(Records from a data source)
———

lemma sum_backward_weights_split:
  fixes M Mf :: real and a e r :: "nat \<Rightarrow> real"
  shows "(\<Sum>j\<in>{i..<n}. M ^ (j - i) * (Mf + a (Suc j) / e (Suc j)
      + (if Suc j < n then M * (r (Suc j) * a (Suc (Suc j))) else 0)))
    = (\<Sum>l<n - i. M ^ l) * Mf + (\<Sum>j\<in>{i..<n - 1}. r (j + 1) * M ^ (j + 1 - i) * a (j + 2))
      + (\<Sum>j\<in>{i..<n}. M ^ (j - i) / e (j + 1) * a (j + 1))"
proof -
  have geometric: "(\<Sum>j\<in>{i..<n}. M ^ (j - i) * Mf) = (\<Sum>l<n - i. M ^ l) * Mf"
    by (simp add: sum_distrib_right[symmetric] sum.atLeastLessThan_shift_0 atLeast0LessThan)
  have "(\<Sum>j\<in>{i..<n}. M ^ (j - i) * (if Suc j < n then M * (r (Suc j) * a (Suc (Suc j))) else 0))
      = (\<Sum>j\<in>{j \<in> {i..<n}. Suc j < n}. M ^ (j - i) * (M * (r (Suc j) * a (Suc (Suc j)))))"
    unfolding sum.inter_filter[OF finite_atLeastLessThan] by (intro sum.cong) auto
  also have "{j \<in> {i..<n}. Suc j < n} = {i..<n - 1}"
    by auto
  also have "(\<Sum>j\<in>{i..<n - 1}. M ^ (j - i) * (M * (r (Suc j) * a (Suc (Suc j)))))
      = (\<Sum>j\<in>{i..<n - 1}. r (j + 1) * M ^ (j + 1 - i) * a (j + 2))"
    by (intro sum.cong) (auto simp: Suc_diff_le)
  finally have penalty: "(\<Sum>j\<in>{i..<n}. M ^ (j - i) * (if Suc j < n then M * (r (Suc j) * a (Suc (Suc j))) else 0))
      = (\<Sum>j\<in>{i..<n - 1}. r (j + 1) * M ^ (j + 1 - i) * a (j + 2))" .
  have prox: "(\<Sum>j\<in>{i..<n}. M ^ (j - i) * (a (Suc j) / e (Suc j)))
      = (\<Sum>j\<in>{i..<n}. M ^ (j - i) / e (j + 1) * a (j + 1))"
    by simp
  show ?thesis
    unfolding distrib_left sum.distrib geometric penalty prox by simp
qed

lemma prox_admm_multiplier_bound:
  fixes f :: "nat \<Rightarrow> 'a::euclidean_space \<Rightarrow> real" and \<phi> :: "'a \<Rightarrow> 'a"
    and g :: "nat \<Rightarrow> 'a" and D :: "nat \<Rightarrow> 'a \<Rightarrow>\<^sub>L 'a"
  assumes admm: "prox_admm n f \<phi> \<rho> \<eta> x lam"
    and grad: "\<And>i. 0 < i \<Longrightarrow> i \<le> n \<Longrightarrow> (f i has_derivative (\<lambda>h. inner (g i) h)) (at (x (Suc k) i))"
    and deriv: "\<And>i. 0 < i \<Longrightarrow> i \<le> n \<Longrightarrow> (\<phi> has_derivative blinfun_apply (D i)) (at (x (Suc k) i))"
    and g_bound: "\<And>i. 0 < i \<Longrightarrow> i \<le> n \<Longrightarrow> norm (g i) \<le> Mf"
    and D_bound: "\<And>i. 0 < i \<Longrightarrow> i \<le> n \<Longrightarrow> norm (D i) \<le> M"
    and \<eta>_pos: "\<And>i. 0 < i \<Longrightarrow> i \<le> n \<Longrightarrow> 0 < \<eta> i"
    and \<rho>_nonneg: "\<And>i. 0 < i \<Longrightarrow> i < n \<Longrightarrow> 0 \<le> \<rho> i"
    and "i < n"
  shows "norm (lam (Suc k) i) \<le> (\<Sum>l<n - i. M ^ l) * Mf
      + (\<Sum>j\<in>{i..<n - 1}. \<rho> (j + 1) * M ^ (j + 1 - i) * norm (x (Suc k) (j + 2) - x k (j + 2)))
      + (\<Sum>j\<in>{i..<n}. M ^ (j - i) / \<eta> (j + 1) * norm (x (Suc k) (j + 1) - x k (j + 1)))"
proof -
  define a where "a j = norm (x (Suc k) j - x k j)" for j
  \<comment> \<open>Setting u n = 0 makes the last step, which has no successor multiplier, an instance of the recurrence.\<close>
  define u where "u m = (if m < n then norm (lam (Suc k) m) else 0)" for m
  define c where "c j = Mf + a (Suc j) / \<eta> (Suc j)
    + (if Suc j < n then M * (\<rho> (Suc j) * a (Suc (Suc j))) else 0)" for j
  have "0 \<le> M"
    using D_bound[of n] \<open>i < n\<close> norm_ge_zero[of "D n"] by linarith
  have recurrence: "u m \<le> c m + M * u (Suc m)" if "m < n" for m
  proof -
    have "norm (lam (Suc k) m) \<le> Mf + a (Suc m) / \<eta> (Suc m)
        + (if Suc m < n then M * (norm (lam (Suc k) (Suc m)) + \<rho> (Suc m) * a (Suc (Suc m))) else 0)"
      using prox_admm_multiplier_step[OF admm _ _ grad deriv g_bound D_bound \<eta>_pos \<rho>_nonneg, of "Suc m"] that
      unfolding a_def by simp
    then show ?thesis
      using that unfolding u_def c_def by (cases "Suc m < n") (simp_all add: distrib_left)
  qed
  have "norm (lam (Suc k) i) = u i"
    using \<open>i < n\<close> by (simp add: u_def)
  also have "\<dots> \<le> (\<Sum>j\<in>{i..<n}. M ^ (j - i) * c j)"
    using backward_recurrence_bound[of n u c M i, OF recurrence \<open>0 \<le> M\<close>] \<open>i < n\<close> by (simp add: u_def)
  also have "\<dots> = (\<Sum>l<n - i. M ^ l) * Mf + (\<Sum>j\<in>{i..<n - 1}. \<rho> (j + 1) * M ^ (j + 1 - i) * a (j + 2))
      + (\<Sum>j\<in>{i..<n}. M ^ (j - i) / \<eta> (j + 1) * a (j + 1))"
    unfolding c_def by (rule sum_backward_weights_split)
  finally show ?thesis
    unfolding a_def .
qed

———

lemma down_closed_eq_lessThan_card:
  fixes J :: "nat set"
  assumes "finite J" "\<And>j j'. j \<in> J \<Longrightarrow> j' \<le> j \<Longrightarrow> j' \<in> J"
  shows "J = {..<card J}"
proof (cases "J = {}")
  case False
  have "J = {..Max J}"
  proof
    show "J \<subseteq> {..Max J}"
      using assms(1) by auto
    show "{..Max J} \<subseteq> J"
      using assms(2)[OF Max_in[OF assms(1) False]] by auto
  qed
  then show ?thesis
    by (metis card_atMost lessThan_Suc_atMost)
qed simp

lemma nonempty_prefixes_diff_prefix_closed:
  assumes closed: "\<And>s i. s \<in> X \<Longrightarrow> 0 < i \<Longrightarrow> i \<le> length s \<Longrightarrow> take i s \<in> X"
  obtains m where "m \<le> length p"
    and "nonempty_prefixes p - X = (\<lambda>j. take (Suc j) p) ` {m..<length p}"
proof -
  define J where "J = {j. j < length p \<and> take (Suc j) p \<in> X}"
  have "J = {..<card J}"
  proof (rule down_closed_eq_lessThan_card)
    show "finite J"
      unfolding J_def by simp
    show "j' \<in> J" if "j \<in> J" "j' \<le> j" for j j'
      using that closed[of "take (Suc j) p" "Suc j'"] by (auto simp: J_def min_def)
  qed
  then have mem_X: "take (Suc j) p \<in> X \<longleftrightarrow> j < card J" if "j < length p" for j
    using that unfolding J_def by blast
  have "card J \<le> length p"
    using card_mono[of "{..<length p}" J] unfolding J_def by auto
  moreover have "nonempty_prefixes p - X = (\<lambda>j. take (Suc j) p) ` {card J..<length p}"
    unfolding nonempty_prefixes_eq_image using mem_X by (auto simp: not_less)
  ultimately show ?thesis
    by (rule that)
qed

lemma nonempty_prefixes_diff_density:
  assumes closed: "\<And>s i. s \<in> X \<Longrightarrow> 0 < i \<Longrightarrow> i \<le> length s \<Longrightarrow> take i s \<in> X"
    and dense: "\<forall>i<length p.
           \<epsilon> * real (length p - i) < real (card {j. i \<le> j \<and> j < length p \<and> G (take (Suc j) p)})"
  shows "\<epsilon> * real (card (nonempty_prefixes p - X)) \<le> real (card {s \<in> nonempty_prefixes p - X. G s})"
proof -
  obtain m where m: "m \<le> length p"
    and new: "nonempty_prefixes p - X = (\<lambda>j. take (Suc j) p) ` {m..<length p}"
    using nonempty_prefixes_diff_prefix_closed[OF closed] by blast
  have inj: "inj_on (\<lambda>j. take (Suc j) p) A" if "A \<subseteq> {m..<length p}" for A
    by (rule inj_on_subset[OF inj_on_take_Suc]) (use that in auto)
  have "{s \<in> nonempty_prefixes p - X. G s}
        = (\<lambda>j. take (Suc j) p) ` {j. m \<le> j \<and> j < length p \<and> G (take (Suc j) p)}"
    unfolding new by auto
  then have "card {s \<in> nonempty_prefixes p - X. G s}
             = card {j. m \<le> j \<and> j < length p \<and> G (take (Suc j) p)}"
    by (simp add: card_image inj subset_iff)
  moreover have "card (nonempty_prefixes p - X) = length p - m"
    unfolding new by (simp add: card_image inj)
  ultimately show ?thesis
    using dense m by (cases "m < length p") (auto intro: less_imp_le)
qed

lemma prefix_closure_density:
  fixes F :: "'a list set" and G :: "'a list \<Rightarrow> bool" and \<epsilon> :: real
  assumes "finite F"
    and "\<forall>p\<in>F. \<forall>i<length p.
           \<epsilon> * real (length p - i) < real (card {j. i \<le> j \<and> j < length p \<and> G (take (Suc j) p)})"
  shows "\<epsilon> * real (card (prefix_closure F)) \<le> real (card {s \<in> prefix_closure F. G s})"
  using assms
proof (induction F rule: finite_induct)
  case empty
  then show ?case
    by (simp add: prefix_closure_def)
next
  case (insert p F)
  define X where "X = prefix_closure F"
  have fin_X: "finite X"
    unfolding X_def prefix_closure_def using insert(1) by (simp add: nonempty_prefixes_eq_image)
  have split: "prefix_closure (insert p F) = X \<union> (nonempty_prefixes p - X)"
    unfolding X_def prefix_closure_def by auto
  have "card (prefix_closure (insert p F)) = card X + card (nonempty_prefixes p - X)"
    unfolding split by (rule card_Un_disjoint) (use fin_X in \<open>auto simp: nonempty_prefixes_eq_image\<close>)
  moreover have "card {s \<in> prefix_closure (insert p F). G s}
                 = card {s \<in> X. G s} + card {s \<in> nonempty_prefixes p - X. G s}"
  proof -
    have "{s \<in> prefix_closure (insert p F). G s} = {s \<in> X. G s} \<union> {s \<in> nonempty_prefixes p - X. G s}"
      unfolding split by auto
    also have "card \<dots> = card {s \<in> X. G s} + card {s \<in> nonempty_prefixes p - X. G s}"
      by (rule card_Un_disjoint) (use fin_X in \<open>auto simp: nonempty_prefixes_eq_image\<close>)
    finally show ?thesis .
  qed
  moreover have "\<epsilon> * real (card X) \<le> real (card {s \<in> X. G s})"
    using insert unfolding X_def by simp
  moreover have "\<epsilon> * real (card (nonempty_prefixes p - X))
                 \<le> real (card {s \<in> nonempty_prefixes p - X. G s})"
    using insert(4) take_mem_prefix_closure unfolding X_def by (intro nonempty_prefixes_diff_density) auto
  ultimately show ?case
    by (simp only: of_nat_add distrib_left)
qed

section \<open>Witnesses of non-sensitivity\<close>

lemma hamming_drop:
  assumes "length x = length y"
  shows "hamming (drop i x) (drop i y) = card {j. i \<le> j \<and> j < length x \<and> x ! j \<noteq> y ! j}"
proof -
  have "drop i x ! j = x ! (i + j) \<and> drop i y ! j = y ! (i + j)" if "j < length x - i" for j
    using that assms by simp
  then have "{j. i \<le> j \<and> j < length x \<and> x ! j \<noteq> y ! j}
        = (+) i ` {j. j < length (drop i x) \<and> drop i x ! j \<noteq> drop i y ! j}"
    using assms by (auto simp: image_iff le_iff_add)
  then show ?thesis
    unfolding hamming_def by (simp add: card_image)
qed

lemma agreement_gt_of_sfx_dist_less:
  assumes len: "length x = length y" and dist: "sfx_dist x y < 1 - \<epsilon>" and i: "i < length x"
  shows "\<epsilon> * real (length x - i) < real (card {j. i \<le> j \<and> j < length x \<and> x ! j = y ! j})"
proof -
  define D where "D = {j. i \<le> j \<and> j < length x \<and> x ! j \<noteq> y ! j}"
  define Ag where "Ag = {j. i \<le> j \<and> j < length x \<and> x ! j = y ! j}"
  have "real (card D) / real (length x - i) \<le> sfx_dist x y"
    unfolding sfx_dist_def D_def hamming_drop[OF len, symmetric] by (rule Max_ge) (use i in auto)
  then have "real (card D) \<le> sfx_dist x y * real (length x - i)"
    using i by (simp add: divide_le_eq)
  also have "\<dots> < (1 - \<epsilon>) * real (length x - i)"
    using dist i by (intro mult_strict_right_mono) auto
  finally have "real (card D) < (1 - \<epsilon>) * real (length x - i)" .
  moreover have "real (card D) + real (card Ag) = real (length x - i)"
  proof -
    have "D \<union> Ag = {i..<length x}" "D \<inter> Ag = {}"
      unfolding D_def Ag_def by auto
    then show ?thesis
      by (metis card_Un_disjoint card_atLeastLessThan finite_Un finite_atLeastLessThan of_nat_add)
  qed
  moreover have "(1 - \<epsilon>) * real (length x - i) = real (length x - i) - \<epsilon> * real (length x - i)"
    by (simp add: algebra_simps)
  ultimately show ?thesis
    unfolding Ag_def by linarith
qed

———

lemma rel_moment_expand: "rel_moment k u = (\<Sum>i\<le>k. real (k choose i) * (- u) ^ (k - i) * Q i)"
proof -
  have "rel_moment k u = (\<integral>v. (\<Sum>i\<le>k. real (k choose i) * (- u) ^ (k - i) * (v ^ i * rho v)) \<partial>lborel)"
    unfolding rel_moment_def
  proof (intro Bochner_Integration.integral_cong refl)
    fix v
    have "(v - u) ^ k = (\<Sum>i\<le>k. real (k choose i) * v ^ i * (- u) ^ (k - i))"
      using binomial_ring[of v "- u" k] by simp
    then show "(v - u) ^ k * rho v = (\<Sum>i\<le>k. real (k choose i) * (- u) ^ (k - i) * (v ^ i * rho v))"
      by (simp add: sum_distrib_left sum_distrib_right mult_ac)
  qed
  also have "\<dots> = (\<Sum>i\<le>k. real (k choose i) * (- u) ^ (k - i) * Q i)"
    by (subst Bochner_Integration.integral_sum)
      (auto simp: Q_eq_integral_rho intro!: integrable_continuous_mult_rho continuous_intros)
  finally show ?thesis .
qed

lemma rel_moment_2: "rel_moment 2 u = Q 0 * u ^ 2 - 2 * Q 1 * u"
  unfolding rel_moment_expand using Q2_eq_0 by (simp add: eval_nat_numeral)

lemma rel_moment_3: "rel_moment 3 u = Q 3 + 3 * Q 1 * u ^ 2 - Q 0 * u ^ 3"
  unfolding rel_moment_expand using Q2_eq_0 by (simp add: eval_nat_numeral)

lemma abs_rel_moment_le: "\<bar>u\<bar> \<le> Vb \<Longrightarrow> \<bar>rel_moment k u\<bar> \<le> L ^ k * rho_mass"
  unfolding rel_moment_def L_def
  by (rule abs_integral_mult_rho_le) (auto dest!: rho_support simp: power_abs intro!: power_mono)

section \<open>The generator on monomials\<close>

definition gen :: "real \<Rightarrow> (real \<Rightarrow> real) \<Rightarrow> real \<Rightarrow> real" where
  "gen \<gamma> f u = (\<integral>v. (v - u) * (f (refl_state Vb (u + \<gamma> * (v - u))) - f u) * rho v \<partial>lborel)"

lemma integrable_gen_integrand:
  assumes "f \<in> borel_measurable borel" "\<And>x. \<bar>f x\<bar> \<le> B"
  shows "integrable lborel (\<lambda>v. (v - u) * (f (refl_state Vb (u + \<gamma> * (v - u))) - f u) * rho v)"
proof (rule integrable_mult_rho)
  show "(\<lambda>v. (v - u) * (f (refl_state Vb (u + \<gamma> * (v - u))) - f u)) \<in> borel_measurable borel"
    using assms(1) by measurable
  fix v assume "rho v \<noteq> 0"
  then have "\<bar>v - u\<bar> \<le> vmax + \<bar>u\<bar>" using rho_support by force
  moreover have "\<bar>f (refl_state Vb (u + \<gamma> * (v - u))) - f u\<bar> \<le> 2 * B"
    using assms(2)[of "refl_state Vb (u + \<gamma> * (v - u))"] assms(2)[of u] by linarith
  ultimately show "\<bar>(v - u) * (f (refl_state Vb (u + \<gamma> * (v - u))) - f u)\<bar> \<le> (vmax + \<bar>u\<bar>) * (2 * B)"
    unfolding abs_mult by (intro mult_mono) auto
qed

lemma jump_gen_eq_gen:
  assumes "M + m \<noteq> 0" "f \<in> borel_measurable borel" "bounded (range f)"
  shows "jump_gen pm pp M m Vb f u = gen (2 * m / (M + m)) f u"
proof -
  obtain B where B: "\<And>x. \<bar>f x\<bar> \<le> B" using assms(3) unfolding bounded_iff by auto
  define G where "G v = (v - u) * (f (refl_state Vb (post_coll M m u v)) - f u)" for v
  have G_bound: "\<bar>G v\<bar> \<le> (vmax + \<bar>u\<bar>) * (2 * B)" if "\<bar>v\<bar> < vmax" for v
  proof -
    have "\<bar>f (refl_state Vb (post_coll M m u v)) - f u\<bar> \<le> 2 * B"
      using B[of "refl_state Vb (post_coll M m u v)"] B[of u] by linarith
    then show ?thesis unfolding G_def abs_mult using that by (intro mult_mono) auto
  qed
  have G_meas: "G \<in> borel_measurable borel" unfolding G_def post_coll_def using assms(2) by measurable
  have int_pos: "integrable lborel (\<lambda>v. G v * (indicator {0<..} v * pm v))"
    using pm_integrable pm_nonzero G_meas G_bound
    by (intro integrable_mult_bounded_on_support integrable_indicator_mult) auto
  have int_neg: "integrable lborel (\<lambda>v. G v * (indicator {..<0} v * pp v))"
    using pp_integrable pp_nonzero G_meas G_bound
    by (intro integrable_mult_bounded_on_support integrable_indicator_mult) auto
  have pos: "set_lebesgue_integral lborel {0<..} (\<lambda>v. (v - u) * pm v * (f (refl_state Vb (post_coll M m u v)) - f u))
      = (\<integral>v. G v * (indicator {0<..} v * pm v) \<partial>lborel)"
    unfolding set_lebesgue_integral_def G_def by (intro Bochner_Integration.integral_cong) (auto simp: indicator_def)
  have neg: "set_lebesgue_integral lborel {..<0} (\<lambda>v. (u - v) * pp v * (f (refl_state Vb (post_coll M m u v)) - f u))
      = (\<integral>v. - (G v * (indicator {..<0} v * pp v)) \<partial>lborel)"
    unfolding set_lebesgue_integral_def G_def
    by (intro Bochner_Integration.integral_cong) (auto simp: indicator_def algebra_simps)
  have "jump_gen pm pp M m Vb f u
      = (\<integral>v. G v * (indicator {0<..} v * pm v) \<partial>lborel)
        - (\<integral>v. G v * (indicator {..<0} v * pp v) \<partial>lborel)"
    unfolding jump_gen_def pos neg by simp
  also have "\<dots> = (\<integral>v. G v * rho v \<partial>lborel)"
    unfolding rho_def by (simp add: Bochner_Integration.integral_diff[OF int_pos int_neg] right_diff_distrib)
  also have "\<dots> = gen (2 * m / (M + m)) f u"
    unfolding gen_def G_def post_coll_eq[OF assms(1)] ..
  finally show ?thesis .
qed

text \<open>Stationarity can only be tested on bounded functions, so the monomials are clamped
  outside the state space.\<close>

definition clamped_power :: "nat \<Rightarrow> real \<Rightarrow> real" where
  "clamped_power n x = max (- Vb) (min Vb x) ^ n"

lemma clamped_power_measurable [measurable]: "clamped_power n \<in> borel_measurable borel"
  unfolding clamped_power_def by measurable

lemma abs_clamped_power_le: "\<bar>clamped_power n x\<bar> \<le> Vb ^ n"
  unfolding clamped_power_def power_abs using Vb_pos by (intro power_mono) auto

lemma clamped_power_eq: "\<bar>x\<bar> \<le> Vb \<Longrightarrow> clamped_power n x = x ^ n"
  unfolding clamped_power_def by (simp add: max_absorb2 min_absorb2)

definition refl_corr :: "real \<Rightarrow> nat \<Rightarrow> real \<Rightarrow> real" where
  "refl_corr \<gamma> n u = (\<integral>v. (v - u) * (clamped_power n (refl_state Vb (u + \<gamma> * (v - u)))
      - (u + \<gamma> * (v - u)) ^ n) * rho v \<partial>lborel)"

———

**Task goal**.
Using the data above, reproduce exactly the lines between those holding "3 u = Q 3 + 3" and "(real \<Rightarrow> real)", inclusive, and no others.

**Written reply**.
lemma rel_moment_3: "rel_moment 3 u = Q 3 + 3 * Q 1 * u ^ 2 - Q 0 * u ^ 3"
  unfolding rel_moment_expand using Q2_eq_0 by (simp add: eval_nat_numeral)

lemma abs_rel_moment_le: "\<bar>u\<bar> \<le> Vb \<Longrightarrow> \<bar>rel_moment k u\<bar> \<le> L ^ k * rho_mass"
  unfolding rel_moment_def L_def
  by (rule abs_integral_mult_rho_le) (auto dest!: rho_support simp: power_abs intro!: power_mono)

section \<open>The generator on monomials\<close>

definition gen :: "real \<Rightarrow> (real \<Rightarrow> real) \<Rightarrow> real \<Rightarrow> real" where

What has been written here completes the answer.